(Beginning of Exercise material)

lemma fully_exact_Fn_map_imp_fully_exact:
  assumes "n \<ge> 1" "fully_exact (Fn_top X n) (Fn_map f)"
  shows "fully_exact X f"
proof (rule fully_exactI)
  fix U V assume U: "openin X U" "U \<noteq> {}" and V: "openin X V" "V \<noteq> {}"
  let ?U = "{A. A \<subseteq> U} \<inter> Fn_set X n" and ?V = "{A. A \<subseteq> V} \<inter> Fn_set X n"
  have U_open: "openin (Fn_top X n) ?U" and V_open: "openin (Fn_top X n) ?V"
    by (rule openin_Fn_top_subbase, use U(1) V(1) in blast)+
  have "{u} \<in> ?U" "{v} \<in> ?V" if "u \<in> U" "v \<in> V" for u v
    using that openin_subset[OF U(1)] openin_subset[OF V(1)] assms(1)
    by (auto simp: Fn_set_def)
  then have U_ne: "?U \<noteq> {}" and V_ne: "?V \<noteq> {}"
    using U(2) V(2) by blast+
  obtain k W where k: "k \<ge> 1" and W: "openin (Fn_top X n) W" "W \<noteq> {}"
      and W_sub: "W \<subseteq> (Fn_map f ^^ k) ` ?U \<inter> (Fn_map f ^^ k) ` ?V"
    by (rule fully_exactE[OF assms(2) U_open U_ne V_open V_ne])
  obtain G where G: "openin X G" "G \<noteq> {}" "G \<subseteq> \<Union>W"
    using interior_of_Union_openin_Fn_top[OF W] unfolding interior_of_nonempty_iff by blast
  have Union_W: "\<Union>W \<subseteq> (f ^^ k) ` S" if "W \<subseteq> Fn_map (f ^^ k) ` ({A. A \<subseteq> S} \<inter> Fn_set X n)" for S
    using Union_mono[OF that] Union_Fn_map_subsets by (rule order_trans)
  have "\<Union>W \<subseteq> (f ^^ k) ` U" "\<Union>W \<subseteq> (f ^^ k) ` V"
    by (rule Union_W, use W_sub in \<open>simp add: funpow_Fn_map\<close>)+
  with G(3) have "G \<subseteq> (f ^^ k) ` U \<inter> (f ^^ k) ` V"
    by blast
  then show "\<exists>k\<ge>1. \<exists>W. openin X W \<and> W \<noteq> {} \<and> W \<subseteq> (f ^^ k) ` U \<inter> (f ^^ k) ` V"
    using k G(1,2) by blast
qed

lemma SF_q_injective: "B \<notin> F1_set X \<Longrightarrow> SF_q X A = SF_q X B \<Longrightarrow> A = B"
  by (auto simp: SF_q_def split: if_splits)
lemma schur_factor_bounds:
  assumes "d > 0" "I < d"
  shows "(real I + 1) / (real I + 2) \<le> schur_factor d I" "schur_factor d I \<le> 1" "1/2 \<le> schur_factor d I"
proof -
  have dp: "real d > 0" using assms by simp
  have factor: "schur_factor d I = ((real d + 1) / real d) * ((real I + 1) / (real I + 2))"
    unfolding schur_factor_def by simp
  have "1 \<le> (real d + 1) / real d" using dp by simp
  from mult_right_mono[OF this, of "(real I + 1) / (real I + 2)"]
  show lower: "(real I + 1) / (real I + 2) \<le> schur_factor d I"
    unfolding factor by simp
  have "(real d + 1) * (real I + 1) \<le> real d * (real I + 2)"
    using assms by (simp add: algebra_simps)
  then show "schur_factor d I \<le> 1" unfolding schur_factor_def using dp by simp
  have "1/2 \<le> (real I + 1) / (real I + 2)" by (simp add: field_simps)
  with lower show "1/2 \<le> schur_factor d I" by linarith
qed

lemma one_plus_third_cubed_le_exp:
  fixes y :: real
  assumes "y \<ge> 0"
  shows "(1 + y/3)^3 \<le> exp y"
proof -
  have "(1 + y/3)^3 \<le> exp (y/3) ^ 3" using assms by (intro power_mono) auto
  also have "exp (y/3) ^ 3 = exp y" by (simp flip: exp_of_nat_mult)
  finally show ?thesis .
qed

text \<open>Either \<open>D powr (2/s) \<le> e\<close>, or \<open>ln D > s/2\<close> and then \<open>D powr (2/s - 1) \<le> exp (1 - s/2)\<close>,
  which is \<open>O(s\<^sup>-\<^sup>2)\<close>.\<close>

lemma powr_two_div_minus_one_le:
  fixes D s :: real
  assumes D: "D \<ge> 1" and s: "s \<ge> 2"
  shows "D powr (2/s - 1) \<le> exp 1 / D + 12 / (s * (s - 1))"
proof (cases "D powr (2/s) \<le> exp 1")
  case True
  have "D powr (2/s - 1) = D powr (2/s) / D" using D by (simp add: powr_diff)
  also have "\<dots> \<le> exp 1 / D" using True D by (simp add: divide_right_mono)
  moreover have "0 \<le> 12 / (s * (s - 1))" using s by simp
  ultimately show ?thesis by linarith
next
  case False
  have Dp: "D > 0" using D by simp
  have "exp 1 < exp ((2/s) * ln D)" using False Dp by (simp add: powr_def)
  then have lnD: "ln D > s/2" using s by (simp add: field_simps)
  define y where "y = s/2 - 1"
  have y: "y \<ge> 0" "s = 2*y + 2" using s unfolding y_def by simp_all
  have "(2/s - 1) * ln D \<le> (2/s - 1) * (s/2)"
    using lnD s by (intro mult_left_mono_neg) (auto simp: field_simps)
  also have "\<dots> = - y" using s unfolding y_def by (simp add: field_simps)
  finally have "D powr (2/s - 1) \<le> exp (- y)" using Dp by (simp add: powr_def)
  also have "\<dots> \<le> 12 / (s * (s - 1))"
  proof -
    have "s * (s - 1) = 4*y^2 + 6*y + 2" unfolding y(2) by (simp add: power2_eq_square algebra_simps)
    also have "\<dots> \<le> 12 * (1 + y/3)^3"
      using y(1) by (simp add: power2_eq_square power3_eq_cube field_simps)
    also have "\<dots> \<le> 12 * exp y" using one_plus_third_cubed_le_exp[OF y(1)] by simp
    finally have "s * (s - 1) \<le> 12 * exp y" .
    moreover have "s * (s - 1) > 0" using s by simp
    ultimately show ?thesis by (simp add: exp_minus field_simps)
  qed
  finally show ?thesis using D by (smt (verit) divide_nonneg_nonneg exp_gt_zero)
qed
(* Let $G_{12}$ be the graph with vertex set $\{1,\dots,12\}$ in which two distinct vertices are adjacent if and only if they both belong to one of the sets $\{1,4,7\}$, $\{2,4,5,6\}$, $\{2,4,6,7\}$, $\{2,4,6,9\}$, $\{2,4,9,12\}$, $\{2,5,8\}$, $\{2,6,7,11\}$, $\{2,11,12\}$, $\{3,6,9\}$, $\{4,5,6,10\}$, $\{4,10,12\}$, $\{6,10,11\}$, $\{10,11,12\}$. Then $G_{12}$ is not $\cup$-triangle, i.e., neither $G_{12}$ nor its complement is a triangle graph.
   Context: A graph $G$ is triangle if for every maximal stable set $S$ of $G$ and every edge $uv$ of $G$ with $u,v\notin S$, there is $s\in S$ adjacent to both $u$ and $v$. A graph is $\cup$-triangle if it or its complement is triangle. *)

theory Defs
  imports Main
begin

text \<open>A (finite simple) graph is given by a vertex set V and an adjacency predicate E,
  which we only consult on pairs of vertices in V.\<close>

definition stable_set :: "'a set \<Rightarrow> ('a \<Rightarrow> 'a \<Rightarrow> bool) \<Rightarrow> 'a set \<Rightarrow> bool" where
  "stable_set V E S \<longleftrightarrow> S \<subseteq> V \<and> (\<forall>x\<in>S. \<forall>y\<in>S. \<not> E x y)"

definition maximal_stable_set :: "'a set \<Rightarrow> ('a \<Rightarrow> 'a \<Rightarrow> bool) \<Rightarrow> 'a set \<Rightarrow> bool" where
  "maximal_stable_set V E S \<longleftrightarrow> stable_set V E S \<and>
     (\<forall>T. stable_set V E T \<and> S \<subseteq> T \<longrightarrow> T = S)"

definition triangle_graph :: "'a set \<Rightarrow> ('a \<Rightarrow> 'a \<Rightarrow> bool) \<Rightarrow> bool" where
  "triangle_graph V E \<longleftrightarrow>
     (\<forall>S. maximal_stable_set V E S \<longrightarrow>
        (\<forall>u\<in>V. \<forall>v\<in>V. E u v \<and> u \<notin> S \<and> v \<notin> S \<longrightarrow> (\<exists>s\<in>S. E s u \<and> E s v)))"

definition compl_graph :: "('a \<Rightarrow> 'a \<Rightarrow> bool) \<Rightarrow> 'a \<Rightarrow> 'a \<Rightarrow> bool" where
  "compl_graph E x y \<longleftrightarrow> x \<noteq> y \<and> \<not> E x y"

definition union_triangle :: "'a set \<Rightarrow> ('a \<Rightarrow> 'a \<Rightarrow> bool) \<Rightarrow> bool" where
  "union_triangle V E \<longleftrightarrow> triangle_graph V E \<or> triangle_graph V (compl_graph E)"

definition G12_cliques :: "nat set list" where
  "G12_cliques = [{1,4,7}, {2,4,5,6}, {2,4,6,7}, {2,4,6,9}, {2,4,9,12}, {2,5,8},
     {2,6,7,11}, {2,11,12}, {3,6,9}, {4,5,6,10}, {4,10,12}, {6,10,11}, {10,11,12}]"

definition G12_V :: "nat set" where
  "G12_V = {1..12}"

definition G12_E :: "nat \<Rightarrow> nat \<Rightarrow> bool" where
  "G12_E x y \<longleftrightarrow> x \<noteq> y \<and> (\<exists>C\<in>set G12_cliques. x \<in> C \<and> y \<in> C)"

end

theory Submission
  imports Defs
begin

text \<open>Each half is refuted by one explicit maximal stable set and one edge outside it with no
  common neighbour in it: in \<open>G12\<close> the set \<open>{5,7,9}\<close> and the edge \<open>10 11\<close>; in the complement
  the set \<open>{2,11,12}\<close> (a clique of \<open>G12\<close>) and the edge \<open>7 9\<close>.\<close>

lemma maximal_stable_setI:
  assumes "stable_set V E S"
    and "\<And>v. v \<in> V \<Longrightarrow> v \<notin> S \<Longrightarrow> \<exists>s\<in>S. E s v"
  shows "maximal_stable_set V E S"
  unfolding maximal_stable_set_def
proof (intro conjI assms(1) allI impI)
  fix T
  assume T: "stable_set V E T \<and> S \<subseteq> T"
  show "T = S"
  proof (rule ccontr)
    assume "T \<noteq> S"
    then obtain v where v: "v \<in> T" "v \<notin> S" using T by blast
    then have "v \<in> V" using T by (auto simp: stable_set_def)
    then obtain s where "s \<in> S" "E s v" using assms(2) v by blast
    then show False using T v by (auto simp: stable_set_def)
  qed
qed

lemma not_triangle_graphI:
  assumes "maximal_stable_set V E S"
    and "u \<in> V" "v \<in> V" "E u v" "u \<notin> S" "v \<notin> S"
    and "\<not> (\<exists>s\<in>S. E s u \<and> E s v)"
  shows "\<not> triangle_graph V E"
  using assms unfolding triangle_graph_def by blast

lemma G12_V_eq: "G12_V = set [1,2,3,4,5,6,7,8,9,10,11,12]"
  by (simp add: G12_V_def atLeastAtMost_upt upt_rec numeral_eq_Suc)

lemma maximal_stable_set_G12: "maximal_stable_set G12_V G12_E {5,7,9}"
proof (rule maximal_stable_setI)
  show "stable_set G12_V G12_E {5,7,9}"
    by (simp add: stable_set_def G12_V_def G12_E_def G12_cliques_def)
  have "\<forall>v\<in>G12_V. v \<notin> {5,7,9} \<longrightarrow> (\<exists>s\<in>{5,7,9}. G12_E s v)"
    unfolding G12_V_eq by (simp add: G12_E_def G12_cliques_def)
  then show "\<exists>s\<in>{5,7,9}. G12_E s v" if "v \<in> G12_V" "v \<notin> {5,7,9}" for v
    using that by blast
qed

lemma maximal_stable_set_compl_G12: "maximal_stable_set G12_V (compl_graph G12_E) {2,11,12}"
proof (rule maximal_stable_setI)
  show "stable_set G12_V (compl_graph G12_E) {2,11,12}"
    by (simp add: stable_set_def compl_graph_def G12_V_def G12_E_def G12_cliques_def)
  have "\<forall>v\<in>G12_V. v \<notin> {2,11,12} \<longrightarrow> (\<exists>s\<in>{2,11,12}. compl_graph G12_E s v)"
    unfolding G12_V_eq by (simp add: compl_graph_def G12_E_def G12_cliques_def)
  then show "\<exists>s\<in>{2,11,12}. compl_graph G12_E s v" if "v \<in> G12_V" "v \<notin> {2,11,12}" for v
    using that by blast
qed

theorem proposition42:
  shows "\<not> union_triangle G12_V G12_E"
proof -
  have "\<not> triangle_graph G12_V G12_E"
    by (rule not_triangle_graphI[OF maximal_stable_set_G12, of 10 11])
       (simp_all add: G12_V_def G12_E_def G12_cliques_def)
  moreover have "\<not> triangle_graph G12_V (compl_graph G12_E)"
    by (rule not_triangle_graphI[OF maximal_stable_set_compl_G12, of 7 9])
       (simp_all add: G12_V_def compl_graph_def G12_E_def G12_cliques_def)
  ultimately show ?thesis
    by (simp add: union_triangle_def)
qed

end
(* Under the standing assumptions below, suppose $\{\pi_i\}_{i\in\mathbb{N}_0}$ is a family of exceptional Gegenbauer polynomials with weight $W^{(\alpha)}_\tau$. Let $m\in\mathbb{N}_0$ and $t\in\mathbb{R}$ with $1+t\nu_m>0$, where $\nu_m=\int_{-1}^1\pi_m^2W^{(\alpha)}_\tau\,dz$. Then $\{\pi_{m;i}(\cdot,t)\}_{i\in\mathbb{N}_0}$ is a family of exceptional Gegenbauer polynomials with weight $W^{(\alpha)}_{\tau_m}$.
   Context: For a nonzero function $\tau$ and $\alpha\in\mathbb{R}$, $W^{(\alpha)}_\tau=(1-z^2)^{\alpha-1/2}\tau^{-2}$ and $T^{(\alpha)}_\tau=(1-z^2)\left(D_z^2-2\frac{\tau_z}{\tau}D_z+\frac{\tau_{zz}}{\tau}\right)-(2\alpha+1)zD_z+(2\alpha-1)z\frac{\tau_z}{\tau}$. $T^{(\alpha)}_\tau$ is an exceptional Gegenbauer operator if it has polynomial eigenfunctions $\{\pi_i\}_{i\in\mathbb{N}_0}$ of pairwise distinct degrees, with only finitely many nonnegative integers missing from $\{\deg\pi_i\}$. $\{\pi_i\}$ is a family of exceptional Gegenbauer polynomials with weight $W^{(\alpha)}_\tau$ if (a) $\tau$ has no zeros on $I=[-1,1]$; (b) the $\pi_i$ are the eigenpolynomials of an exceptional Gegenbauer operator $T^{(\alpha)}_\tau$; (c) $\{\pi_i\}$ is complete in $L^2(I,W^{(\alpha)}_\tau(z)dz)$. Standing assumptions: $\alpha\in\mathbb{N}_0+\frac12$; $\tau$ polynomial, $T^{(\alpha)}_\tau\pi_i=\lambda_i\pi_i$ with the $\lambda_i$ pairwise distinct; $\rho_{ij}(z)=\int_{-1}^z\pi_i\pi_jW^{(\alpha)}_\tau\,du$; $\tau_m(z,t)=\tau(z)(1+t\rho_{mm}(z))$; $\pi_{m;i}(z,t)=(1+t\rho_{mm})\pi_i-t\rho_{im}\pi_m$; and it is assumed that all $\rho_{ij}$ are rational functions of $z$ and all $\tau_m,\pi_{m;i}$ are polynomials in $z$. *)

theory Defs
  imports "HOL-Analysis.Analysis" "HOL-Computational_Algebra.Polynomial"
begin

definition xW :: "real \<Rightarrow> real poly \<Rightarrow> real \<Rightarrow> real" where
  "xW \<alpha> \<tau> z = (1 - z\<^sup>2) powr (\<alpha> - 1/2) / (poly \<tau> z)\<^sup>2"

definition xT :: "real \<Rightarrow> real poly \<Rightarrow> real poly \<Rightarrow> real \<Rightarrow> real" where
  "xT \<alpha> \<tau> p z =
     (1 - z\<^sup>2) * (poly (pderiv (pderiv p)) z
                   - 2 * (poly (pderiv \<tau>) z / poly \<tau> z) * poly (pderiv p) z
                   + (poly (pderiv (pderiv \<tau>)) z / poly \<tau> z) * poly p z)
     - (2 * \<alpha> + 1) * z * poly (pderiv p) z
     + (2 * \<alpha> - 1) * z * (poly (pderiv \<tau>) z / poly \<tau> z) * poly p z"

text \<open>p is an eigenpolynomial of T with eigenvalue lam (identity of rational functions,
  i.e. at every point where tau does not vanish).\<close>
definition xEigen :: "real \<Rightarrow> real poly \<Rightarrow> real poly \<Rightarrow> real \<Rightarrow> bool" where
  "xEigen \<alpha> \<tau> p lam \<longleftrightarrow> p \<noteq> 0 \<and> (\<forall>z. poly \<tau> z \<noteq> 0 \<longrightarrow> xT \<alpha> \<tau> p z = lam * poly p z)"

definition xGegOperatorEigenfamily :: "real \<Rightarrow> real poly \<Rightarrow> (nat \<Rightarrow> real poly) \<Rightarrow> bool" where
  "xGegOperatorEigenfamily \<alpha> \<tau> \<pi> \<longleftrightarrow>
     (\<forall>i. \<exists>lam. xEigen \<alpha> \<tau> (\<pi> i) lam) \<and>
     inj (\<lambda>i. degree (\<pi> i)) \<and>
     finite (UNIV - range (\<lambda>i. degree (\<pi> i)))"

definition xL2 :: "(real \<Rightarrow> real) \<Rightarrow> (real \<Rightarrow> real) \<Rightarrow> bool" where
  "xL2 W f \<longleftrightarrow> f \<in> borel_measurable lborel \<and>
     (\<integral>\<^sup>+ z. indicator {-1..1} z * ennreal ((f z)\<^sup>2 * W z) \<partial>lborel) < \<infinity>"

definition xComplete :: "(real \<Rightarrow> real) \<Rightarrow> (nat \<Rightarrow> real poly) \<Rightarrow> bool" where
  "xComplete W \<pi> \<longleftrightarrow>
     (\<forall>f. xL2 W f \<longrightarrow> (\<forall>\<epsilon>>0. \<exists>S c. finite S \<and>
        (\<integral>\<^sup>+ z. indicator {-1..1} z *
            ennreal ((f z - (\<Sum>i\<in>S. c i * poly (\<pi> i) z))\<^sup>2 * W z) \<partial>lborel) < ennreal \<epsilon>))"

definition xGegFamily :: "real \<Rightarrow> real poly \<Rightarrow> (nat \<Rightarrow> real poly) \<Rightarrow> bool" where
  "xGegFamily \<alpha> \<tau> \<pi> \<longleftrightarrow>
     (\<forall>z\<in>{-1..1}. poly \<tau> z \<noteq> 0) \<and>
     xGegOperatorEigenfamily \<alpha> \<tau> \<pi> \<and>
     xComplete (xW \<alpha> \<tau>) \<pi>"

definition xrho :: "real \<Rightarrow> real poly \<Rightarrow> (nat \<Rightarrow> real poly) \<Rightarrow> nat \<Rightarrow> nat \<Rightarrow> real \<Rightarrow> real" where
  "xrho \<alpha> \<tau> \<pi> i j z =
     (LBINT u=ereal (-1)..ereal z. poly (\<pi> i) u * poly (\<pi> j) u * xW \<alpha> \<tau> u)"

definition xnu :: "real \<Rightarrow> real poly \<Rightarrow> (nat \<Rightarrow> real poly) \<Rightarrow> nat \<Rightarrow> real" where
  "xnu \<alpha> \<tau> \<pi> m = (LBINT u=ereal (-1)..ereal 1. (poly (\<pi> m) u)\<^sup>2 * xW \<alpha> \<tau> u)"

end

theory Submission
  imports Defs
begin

(End of Exercise material)

## What is being asked
Check every line of the data for the string "ereal". Give the number of lines that have it, and only that.

## Answer section
2